Task data below:

(* In the game $\mathrm{CN}(7,4)$, if $\mathbf p\notin S$ and $\mathbf p$ has at least two stacks of height $0$, then there is a legal move from $\mathbf p$ to some $\mathbf p'\in S_1\cup S_2\cup S_4$. Here, writing a position as $(a,b,c,d,e,f,g)$ with $a$ a minimum entry, $S_1=\{a=b=0,\ c=g>0,\ d+e+f=c\}$, $S_2=\{a=b=c=d=e=f=g\}$, $S_3=\{a=b,\ c=g,\ d=f,\ a+c=d+e,\ 0<a<e\}$, $S_4=\{a=f,\ b+c=d+e=g+a,\ a<\min\{b,e\},\ a<\max\{c,d\}\}$, and $S=S_1\cup S_2\cup S_3\cup S_4$.
   Context: Circular Nim $\mathrm{CN}(7,4)$: $7$ stacks of tokens are arranged in a circle; a position is a vector $(p_1,\dots,p_7)$ of nonnegative integers giving the stack heights in order around the circle, determined only up to rotation and reflection. A legal move consists of choosing $4$ cyclically consecutive stacks and removing at least one token from at least one of these $4$ stacks (any number from each chosen stack; other stacks unchanged). A position belongs to $S_i$ if some rotation and/or reflection $(a,b,c,d,e,f,g)$ of it with $a$ equal to the minimum entry satisfies the conditions defining $S_i$. *)

theory Defs
  imports Main
begin

text \<open>Positions of CN(7,4): lists of 7 stack heights in circular order.
  Equivalence up to rotation and reflection is handled via the set of
  symmetric images.\<close>

definition cn_pos :: "nat list \<Rightarrow> bool" where
  "cn_pos p \<longleftrightarrow> length p = 7"

definition sym_images :: "nat list \<Rightarrow> nat list set" where
  "sym_images p = {rotate k p | k. k < 7} \<union> {rotate k (rev p) | k. k < 7}"

definition S1_cond :: "nat list \<Rightarrow> bool" where
  "S1_cond q \<longleftrightarrow> (let a = q!0; b = q!1; c = q!2; d = q!3; e = q!4; f = q!5; g = q!6 in
     a = 0 \<and> b = 0 \<and> c = g \<and> c > 0 \<and> d + e + f = c)"

definition S2_cond :: "nat list \<Rightarrow> bool" where
  "S2_cond q \<longleftrightarrow> (let a = q!0; b = q!1; c = q!2; d = q!3; e = q!4; f = q!5; g = q!6 in
     a = b \<and> b = c \<and> c = d \<and> d = e \<and> e = f \<and> f = g)"

definition S3_cond :: "nat list \<Rightarrow> bool" where
  "S3_cond q \<longleftrightarrow> (let a = q!0; b = q!1; c = q!2; d = q!3; e = q!4; f = q!5; g = q!6 in
     a = b \<and> c = g \<and> d = f \<and> a + c = d + e \<and> 0 < a \<and> a < e)"

definition S4_cond :: "nat list \<Rightarrow> bool" where
  "S4_cond q \<longleftrightarrow> (let a = q!0; b = q!1; c = q!2; d = q!3; e = q!4; f = q!5; g = q!6 in
     a = f \<and> b + c = d + e \<and> d + e = g + a \<and> a < min b e \<and> a < max c d)"

definition in_class :: "(nat list \<Rightarrow> bool) \<Rightarrow> nat list \<Rightarrow> bool" where
  "in_class C p \<longleftrightarrow> (\<exists>q \<in> sym_images p. q!0 = Min (set p) \<and> C q)"

definition inS :: "nat list \<Rightarrow> bool" where
  "inS p \<longleftrightarrow> in_class S1_cond p \<or> in_class S2_cond p \<or> in_class S3_cond p \<or> in_class S4_cond p"

definition cn_move :: "nat list \<Rightarrow> nat list \<Rightarrow> bool" where
  "cn_move p p' \<longleftrightarrow> length p = 7 \<and> length p' = 7 \<and>
     (\<exists>i<7. (\<forall>j<7. j \<notin> {(i + k) mod 7 | k. k < 4} \<longrightarrow> p'!j = p!j)) \<and>
     (\<forall>j<7. p'!j \<le> p!j) \<and> p' \<noteq> p"

end

theory Submission
  imports Defs
begin

(* Rotate p so that one of two zero stacks comes first. Of the two cyclic distances
   between the zeros exactly one is odd, so the other zero can be put at position 1, 3 or 5,
   giving the shapes [0,0,c,d,e,f,g], [0,b,c,0,e,f,g] and [0,b,c,d,e,0,g]. For each shape an
   explicit move is exhibited by cases on the sizes of the remaining stacks: either it leaves
   nothing (S2), or it creates two adjacent zeros flanked by two equal stacks x whose three
   opposite stacks sum to x (S1), or it balances the stacks around two zeros at distance 2 (S4).
   Moves, S and the target classes are invariant under rotation, and a move from p is never
   trivial because p is not in S. *)

definition cn_lowering :: "nat list \<Rightarrow> nat list \<Rightarrow> bool" where
  "cn_lowering p p' \<longleftrightarrow> length p = 7 \<and> length p' = 7 \<and>
     (\<exists>i<7. \<forall>j<7. j \<notin> {(i + k) mod 7 | k. k < 4} \<longrightarrow> p'!j = p!j) \<and>
     (\<forall>j<7. p'!j \<le> p!j)"

definition in_S124 :: "nat list \<Rightarrow> bool" where
  "in_S124 p \<longleftrightarrow> in_class S1_cond p \<or> in_class S2_cond p \<or> in_class S4_cond p"

definition moves_into_S124 :: "nat list \<Rightarrow> bool" where
  "moves_into_S124 p \<longleftrightarrow> (\<exists>p'. cn_move p p' \<and> in_S124 p')"

lemma cn_move_iff_lowering: "cn_move p p' \<longleftrightarrow> cn_lowering p p' \<and> p' \<noteq> p"
  unfolding cn_move_def cn_lowering_def by blast

lemma length_7_cases:
  assumes "length p = 7"
  obtains x0 x1 x2 x3 x4 x5 x6 where "p = [x0,x1,x2,x3,x4,x5,x6]"
  using assms by (simp add: numeral_eq_Suc length_Suc_conv) blast

lemma rotate_7:
  assumes "length p = 7"
  shows "rotate i p = [p!(i mod 7), p!((i+1) mod 7), p!((i+2) mod 7), p!((i+3) mod 7),
                       p!((i+4) mod 7), p!((i+5) mod 7), p!((i+6) mod 7)]"
proof -
  have "rotate i p = map (\<lambda>n. p ! ((i + n) mod 7)) [0..<7]"
    using assms by (intro nth_equalityI) (simp_all add: nth_rotate)
  then show ?thesis by (simp add: upt_rec add.commute)
qed

lemma sym_images_7: "sym_images [x0,x1,x2,x3,x4,x5,x6] = {
  [x6,x5,x4,x3,x2,x1,x0], [x5,x4,x3,x2,x1,x0,x6], [x4,x3,x2,x1,x0,x6,x5], [x3,x2,x1,x0,x6,x5,x4],
  [x2,x1,x0,x6,x5,x4,x3], [x1,x0,x6,x5,x4,x3,x2], [x0,x6,x5,x4,x3,x2,x1],
  [x0,x1,x2,x3,x4,x5,x6], [x1,x2,x3,x4,x5,x6,x0], [x2,x3,x4,x5,x6,x0,x1], [x3,x4,x5,x6,x0,x1,x2],
  [x4,x5,x6,x0,x1,x2,x3], [x5,x6,x0,x1,x2,x3,x4], [x6,x0,x1,x2,x3,x4,x5]}"
proof -
  have rotations: "{f k | k. k < (7::nat)} = {f 0, f 1, f 2, f 3, f 4, f 5, f 6}"
    for f :: "nat \<Rightarrow> nat list"
  proof -
    have "{f k | k. k < (7::nat)} = f ` set [0..<7]" by auto
    then show ?thesis by (simp add: upt_rec numeral_eq_Suc)
  qed
  show ?thesis unfolding sym_images_def rotations by (simp add: numeral_eq_Suc)
qed

lemma sym_images_rotate1_7:
  "sym_images [x1,x2,x3,x4,x5,x6,x0] = sym_images [x0,x1,x2,x3,x4,x5,x6]"
  unfolding sym_images_7 by (rule equalityI; simp)

lemma cn_lowering_7: "cn_lowering [x0,x1,x2,x3,x4,x5,x6] [y0,y1,y2,y3,y4,y5,y6] \<longleftrightarrow>
  ((y4 = x4 \<and> y5 = x5 \<and> y6 = x6) \<or> (y0 = x0 \<and> y5 = x5 \<and> y6 = x6) \<or> (y0 = x0 \<and> y1 = x1 \<and> y6 = x6) \<or>
   (y0 = x0 \<and> y1 = x1 \<and> y2 = x2) \<or> (y1 = x1 \<and> y2 = x2 \<and> y3 = x3) \<or> (y2 = x2 \<and> y3 = x3 \<and> y4 = x4) \<or>
   (y3 = x3 \<and> y4 = x4 \<and> y5 = x5)) \<and>
  y0 \<le> x0 \<and> y1 \<le> x1 \<and> y2 \<le> x2 \<and> y3 \<le> x3 \<and> y4 \<le> x4 \<and> y5 \<le> x5 \<and> y6 \<le> x6"
proof -
  have window: "{(i + k) mod 7 | k. k < (4::nat)} = (\<lambda>k. (i + k) mod 7) ` set [0..<4]" for i
    by auto
  have "(\<forall>j<(7::nat). P j) \<longleftrightarrow> (\<forall>j\<in>set [0..<7]. P j)"
    and "(\<exists>j<(7::nat). P j) \<longleftrightarrow> (\<exists>j\<in>set [0..<7]. P j)" for P
    by auto
  then show ?thesis unfolding cn_lowering_def window by (simp add: upt_rec)
qed

lemma in_class_rotate1:
  assumes "length p = 7"
  shows "in_class C (rotate1 p) \<longleftrightarrow> in_class C p"
proof -
  obtain x0 x1 x2 x3 x4 x5 x6 where p: "p = [x0,x1,x2,x3,x4,x5,x6]"
    using assms by (rule length_7_cases)
  have "sym_images (rotate1 p) = sym_images p"
    unfolding p by (simp add: sym_images_rotate1_7)
  then show ?thesis unfolding in_class_def by simp
qed

lemma in_class_rotate: "length p = 7 \<Longrightarrow> in_class C (rotate k p) \<longleftrightarrow> in_class C p"
  by (induction k) (simp_all add: in_class_rotate1)

lemma inS_rotate: "length p = 7 \<Longrightarrow> inS (rotate k p) \<longleftrightarrow> inS p"
  unfolding inS_def by (simp add: in_class_rotate)

lemma in_S124_rotate: "length p = 7 \<Longrightarrow> in_S124 (rotate k p) \<longleftrightarrow> in_S124 p"
  unfolding in_S124_def by (simp add: in_class_rotate)

lemma cn_lowering_rotate1: "cn_lowering p p' \<Longrightarrow> cn_lowering (rotate1 p) (rotate1 p')"
proof -
  assume lowering: "cn_lowering p p'"
  then have "length p = 7" "length p' = 7" unfolding cn_lowering_def by simp_all
  then obtain x0 x1 x2 x3 x4 x5 x6 y0 y1 y2 y3 y4 y5 y6
    where "p = [x0,x1,x2,x3,x4,x5,x6]" "p' = [y0,y1,y2,y3,y4,y5,y6]"
    by (metis length_7_cases)
  with lowering show ?thesis by (auto simp: cn_lowering_7)
qed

End of Task data.

Action item: Retype the records above, but only those lines that fall between the line containing "((y4 = x4 \<and>" and the line containing "(y0 = x0 \<and> y1 = x1 \<and> y2", with both of those lines included, exactly as written.

Exercise result:
  ((y4 = x4 \<and> y5 = x5 \<and> y6 = x6) \<or> (y0 = x0 \<and> y5 = x5 \<and> y6 = x6) \<or> (y0 = x0 \<and> y1 = x1 \<and> y6 = x6) \<or>
   (y0 = x0 \<and> y1 = x1 \<and> y2 = x2) \<or> (y1 = x1 \<and> y2 = x2 \<and> y3 = x3) \<or> (y2 = x2 \<and> y3 = x3 \<and> y4 = x4) \<or>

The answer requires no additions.